Начиная с периода следствия, когда в крепости из-за тяжелых переживаний лишил себя жизни полковник А.М. Булатов, один из героев 1812 года, такая или подобная гибель не казалась для декабристов абсолютно невозможной. Оставаясь в большинстве бодрыми, жизнелюбивыми и деятельными, насколько позволяли условия, многие из них невольно примеряли участь рано ушедших товарищей и вынуждены были формировать отношение к собственному возможно преждевременному уходу. Это нашло выражение в лирике (В.К. Кюхельбекер, Г.С. Батеньков, А.И. Одоевский, Ф.Н. Глинка) и прозе (А.А. Бестужев), в дневниках (В.К. Кюхельбекер) и заметках (М.С. Лунин, Г.С. Батеньков), в оживленной переписке. Тема смерти, безусловно, не была центральной в художественном творчестве и эпистолярном наследии декабристов, и все же она присутствовала во многих работах, становилась предметом обстоятельных, порой мучительных размышлений, источником рефлексии, обязательным элементом религиозно-философских построений, ярким художественным символом. Нельзя не отметить это, обращаясь к монументальному литературно-документальному декабристскому материалу. Тем не менее, эта сторона мировидения, органично включенная в сложный комплекс взглядов, идей, переживаний деятелей декабристского движения, остаётся пока нераскрытой.
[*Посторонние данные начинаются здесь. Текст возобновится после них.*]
(* Let $p,q$ be positive integers with $1<q<p-q$ and $\gcd(p,q)=1$, let $A=\langle q,p-q\rangle$, let $s\in A\setminus\{0\}$, and let $r$ be a positive integer with $1<r<s-r$ and $\gcd(r,s)=1$; put $B=\langle r,s-r\rangle$. Let $M$ be the submonoid of $\mathbb{Q}^+$ generated by all $k/r$ with $k\in A$ and all $\frac{k'}{r}(s/r)^n$ with $k'\in B$, $n\ge1$, and let $(G,G^+)=(M+(-M),M)$. Let $D=\{x\in G^+: x\le_G (s/r)^n \text{ for some } n\ge1\}$. Then $tD\neq G^+$ for every positive integer $t\le r-1$, and $rD=G^+$.
   Context: $\langle a_1,\dots,a_k\rangle$ is the submonoid of $\mathbb{Z}^+$ generated by the $a_i$. $x\le_G y$ means $y-x\in G^+$. An interval in $G^+$ is a nonempty, upward directed, order-hereditary subset of $G^+$. For intervals $X,Y$, $X+Y=\{z\in G^+: z\le x+y,\ x\in X,\ y\in Y\}$; $tX$ is the $t$-fold sum of $X$ with itself. *)

theory Defs
  imports Complex_Main
begin

inductive_set gen_monoid :: "'a::monoid_add set \<Rightarrow> 'a set" for S where
  zero: "0 \<in> gen_monoid S"
| gen: "x \<in> S \<Longrightarrow> x \<in> gen_monoid S"
| add: "x \<in> gen_monoid S \<Longrightarrow> y \<in> gen_monoid S \<Longrightarrow> x + y \<in> gen_monoid S"

definition leG :: "'a::ab_group_add set \<Rightarrow> 'a \<Rightarrow> 'a \<Rightarrow> bool" where
  "leG P x y \<longleftrightarrow> y - x \<in> P"

text \<open>Sum of intervals X, Y in the positive cone P.\<close>
definition int_sum :: "'a::ab_group_add set \<Rightarrow> 'a set \<Rightarrow> 'a set \<Rightarrow> 'a set" where
  "int_sum P X Y = {z \<in> P. \<exists>x\<in>X. \<exists>y\<in>Y. leG P z (x + y)}"

text \<open>t-fold sum tX (meaningful for t \<ge> 1; the case t = 0 is never used).\<close>
fun int_mult :: "'a::ab_group_add set \<Rightarrow> nat \<Rightarrow> 'a set \<Rightarrow> 'a set" where
  "int_mult P 0 X = {0}"
| "int_mult P (Suc 0) X = X"
| "int_mult P (Suc (Suc n)) X = int_sum P (int_mult P (Suc n) X) X"

end

theory Submission
  imports Defs
begin

text \<open>
  Write \<open>\<rho> = s / r\<close>. Every x in M has an expansion \<open>r x = d\<^sub>0 + d\<^sub>1 \<rho> + ... + d\<^sub>L \<rho>^L\<close>
  with \<open>d\<^sub>k \<in> \<langle>r, s - r\<rangle>\<close> for \<open>k \<ge> 1\<close>, and tD consists of the elements of M lying below
  some \<open>t \<rho>^n\<close>.

  Every element of M lies below some \<open>k \<rho>^n\<close>, and \<open>k \<rho>^n \<le> r \<rho>^(n + k)\<close> because
  \<open>r \<rho>^(n + 1) = s \<rho>^n \<ge> (r + 1) \<rho>^n\<close>; hence \<open>rD = M\<close>.

  On the other hand s lies in M but below no \<open>t \<rho>^n\<close> with \<open>t < r\<close>, for otherwise
  \<open>r (t \<rho>^n - s) = t s \<rho>^(n - 1) - r s\<close> would have an expansion. Clearing denominators and
  using \<open>gcd r s = 1\<close>, the top coefficient of such an expansion is divisible by r. Above degree
  \<open>n - 1\<close> it can be carried one degree down, since \<open>d \<rho>^(L + 1) = (d / r) s \<rho>^L\<close> and
  \<open>(d / r) s \<in> \<langle>r, s - r\<rangle>\<close>; in degree \<open>n - 1\<close> it cancels \<open>t s \<rho>^(n - 1)\<close> up to
  \<open>r t' \<rho>^(n - 1) = t' s \<rho>^(n - 2)\<close> with \<open>t' \<le> t\<close>. Descending to degree 0 leaves
  \<open>d\<^sub>0 + r s = t s\<close>, which is impossible for \<open>t < r\<close>.
\<close>

lemma gen_monoid_of_nat_mult:
  "x \<in> gen_monoid S \<Longrightarrow> of_nat k * x \<in> gen_monoid (S :: 'a::semiring_1 set)"
  by (induction k) (auto simp: distrib_right intro: gen_monoid.add gen_monoid.zero)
Хрестоматийный образ твердого, безупречного, «выкованного из чистой стали» борца с самодержавием не вязался с представлениями о готовности к смерти, ожидании близкой, неминуемой гибели лишенных дворянства, сословных преимуществ, вырванных из привычной среды декабристов. Подойти к этой проблеме мешал также поверхностный, клишированный взгляд на декабристов, как на людей, склонных к сугубо атеистическому мировосприятию, чуждых религиозных переживаний, вообще далеких от православной культуры [1]. Теме «смерть в восприятии декабристов» уделил внимание Ю.М. Лотман, писавший об отношении к самоубийству («предельному выражению чувства свободы») и миросозерцании вернувшихся с полей сражений молодых дворян, полных жизненных сил, которых до определенной поры «размышления о смерти мало волновали»[2]. Но работа эта, чрезвычайно глубокая, не исчерпывала обозначенную проблематику, а других примеров живого интереса к ней историков, литературоведов, философов найти крайне трудно. Представленный здесь материал, впрочем, тоже определяет только подходы к раскрытию этой историко-философской проблемы, хотя и данная задача представляется важной.
Для Ю.М. Лотмана декабристы, носители передовой культуры, были людьми нового типа, он настойчиво это подчеркивал, и такая установка многое объясняет. В то же время по условиям воспитания, социальному положению, жизненному опыту, пристрастиям и взглядам участники тайных обществ отличались друг от друга, порой довольно заметно. Отсюда двойственное отношение к смерти, которая в годы подготовки восстания и позже воспринималась как апофеоз, высшая точка, последний значительнейший поступок («Ах, как славно мы умрем!», восклицал в канун выступления А.И. Одоевский), а у части декабристов – как трагический, мрачный, а иногда и желанный из-за невыносимых тягот финал. Так, от одиночества и нищеты сильно страдал К.Г. Игельстром. «Если положение сие не изменится, честью тебе клянусь, есть от чего с ума сойти, – сетовал он в ссылке А.А. Крюкову. – И теперь даже временами находит такая хандра, что не знаешь, куда деваться»[3]. Подобные настроения испытывали С.Г. Краснокутский, А.П. Барятинский, В.Л. Давыдов, Аполлон Веденяпин. В сентябре 1854 года Вячеслав Якушкин сообщал из Иркутска о смерти братьев Борисовых и мнении С.Г. Волконского, полагавшего, что младший «умер от удара», а старший, «убедившись в кончине своего брата, пытался зажечь дом и окончательно повесился»[4]. Оба похоронены были в дер. Малая Разводная Иркутской губернии.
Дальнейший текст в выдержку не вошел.